Malaysia: Industrial production growth disappoints in January
Industrial production expanded 3.0% from the same month of the previous year in January, coming in a tad above the 2.9% expansion recorded in December but falling well shy of market expectations of 7.1% growth in the month. Analysts had expected stronger factory output growth to be induced by a favorable base effect stemming from the lunar new year holiday period, which fell in February this year compared with January last year. Not only did January’s print disappoint in that regard, but the figure was the second-lowest result in over a year and a half.
According to the Statistical Institute, a deceleration in manufacturing output growth accounted for all of January’s weakness, expanding 4.8% annually compared with growth of 5.3% in December.
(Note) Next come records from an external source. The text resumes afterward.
lemma (in prob_space) conv_in_prob_divide_Suc:
  assumes N: "\<And>n. N n \<in> M \<rightarrow>\<^sub>M count_space UNIV" and A: "\<And>n. A n \<in> M \<rightarrow>\<^sub>M count_space UNIV"
    and c: "\<And>n. c n \<in> borel_measurable M" and xhat: "\<And>n. xhat n \<in> borel_measurable M"
    and frac: "conv_in_prob M (\<lambda>n \<omega>. real (N n \<omega>) / real n) p" "p > 0"
    and A_le: "\<And>n \<omega>. \<omega> \<in> space M \<Longrightarrow> A n \<omega> \<le> N n \<omega>"
    and "conv_in_prob M xhat xs" and G: "continuous_on UNIV G"
    and rate: "conv_in_prob M
       (\<lambda>n \<omega>. (if N n \<omega> = 0 then c n \<omega> else real (A n \<omega>) / real (N n \<omega>)) - G (xhat n \<omega>)) 0"
  shows "conv_in_prob M (\<lambda>n \<omega>. real (A n \<omega>) / real (N n \<omega> + 1)) (G xs)"
proof -
  note [measurable] = N A c xhat borel_measurable_continuous_onI[OF G]
  define R where "R n \<omega> = (if N n \<omega> = 0 then c n \<omega> else real (A n \<omega>) / real (N n \<omega>))" for n \<omega>
  have [measurable]: "R n \<in> borel_measurable M" for n
    unfolding R_def by measurable
  have G_conv: "conv_in_prob M (\<lambda>n \<omega>. G (xhat n \<omega>)) (G xs)"
    using G by (intro conv_in_prob_continuous_map[OF xhat \<open>conv_in_prob M xhat xs\<close>])
      (simp add: continuous_on_eq_continuous_at)
  have "conv_in_prob M (\<lambda>n \<omega>. (R n \<omega> - G (xhat n \<omega>)) + G (xhat n \<omega>)) (0 + G xs)"
    by (rule conv_in_prob_add[OF _ _ rate[folded R_def] G_conv]) measurable
  then have R_conv: "conv_in_prob M R (G xs)"
    by simp
  have "conv_in_prob M (\<lambda>n \<omega>. real (A n \<omega>) / real (N n \<omega> + 1) - R n \<omega>) 0"
    unfolding R_def by (rule conv_in_prob_divide_Suc_diff[OF N frac A_le])
  from conv_in_prob_add[OF _ _ this R_conv] show ?thesis
    by simp
qed
(* Let $n\ge 2$ and consider the asynchronous $(n,k)$ game on the complete graph with agent set $[n]=\{1,\dots,n\}$ consisting of $n_r$ rejectors and $n-n_r$ random followers, where the threshold satisfies $k\le n-n_r$. Then the probability that a decision is made in finite time, i.e. $P\big(\exists\, t\ge 0:\ \sum_{i\in[n]}x_i(t)\ge k\big)$, is at most $\dfrac{n-n_r}{2k}$.
   Context: Each agent $i\in[n]$ holds an opinion $x_i(t)\in\{0,1\}$ at time $t=0,1,2,\dots$. The social graph is complete: every agent's social neighbors are all the other $n-1$ agents. In the $(n,k)$ game a decision is made at time $t$ if $\sum_{i\in[n]}x_i(t)\ge k$. The game is asynchronous: at each time step a single agent, chosen uniformly at random from $[n]$ (independently of the past), updates its opinion, and all other opinions stay the same. A rejector holds opinion $0$ at all times. A random follower has initial opinion distributed as Bernoulli$(1/2)$ (independently across agents), and when it updates it adopts the current opinion of one of its social neighbors chosen uniformly at random. *)

theory Defs
  imports "HOL-Probability.Probability"
begin

(* Agents are 0..n-1; opinion 1 is True, 0 is False. R is the set of rejectors. *)

definition init_pmf :: "nat \<Rightarrow> nat set \<Rightarrow> (nat \<Rightarrow> bool) pmf" where
  "init_pmf n R = Pi_pmf {..<n} False
      (\<lambda>i. if i \<in> R then return_pmf False else bernoulli_pmf (1/2))"

(* one asynchronous step: a uniformly random updating agent i and, independently given i,
   a uniformly random social neighbour j (any other agent): uniform on ordered distinct pairs *)
definition step_pmf :: "nat \<Rightarrow> (nat \<times> nat) pmf" where
  "step_pmf n = pmf_of_set {(i, j). i < n \<and> j < n \<and> j \<noteq> i}"

definition update :: "nat set \<Rightarrow> (nat \<Rightarrow> bool) \<Rightarrow> nat \<times> nat \<Rightarrow> (nat \<Rightarrow> bool)" where
  "update R x s = (let (i, j) = s in if i \<in> R then x(i := False) else x(i := x j))"

primrec traj :: "nat set \<Rightarrow> (nat \<Rightarrow> bool) \<Rightarrow> (nat \<times> nat) stream \<Rightarrow> nat \<Rightarrow> (nat \<Rightarrow> bool)" where
  "traj R x0 \<omega> 0 = x0"
| "traj R x0 \<omega> (Suc t) = update R (traj R x0 \<omega> t) (\<omega> !! t)"

definition ones :: "nat \<Rightarrow> (nat \<Rightarrow> bool) \<Rightarrow> nat" where
  "ones n x = (\<Sum>i<n. if x i then 1 else 0)"

definition game_space :: "nat \<Rightarrow> nat set \<Rightarrow> ((nat \<Rightarrow> bool) \<times> (nat \<times> nat) stream) measure" where
  "game_space n R = measure_pmf (init_pmf n R) \<Otimes>\<^sub>M stream_space (measure_pmf (step_pmf n))"

definition decision_event :: "nat \<Rightarrow> nat set \<Rightarrow> nat \<Rightarrow> ((nat \<Rightarrow> bool) \<times> (nat \<times> nat) stream) set" where
  "decision_event n R k = {(x0, \<omega>) \<in> space (game_space n R). \<exists>t. ones n (traj R x0 \<omega> t) \<ge> k}"

end

(* The number of agents holding opinion 1 is a nonnegative supermartingale: the updating pair
   (i, j) is uniform over ordered pairs of distinct agents, so by the symmetry (i, j) <-> (j, i) a
   follower gains x_j and loses x_i with the same expectation, while a rejector can only lose.
   By the maximal inequality for nonnegative supermartingales, proved here by first-step analysis
   on the i.i.d. stream of steps, the probability that the count ever reaches k is at most its
   initial expectation (n - nr)/2 divided by k. *)

theory Submission
  imports Defs
begin

primrec walk :: "('a \<Rightarrow> 's \<Rightarrow> 'a) \<Rightarrow> 'a \<Rightarrow> 's stream \<Rightarrow> nat \<Rightarrow> 'a" where
  "walk f x \<omega> 0 = x"
| "walk f x \<omega> (Suc t) = f (walk f x \<omega> t) (\<omega> !! t)"

lemma walk_Cons: "walk f x (s ## \<omega>) (Suc t) = walk f (f x s) \<omega> t"
  by (induction t) auto

lemma walk_eq_fold_stake: "walk f x \<omega> t = fold (\<lambda>s y. f y s) (stake t \<omega>) x"
  by (induction t) (simp_all del: stake.simps add: stake_Suc stake.simps(1))

lemma space_stream_space_pmf [simp]: "space (stream_space (measure_pmf p)) = UNIV"
  by (simp add: space_stream_space)

lemma prob_space_stream_space_pmf: "prob_space (stream_space (measure_pmf p))"
  by (rule prob_space.prob_space_stream_space) (rule measure_pmf.prob_space_axioms)

lemma measurable_stream_space_pmf_eq:
  "N \<rightarrow>\<^sub>M stream_space (measure_pmf p) = N \<rightarrow>\<^sub>M stream_space (count_space UNIV)"
  by (intro measurable_cong_sets sets_stream_space_cong) simp_all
Production growth in the all-important electrical and electronics segment moderated marginally, while output growth in the food, textiles, furniture and petroleum and chemical sectors all suffered more sizeable decelerations. Softness in the manufacturing sector offset a rebound in mining output—both petroleum and natural gas output bounced back to expansion from contraction in December—and slightly faster electricity output growth.
The disappointing performance observed in January was also observable in sequential terms. On a month-on-month basis, industrial production shrank a seasonally-adjusted 1.0% in January, which followed a smaller 0.2% drop in December. Annual average growth in industrial production was steady at 4.5% in January.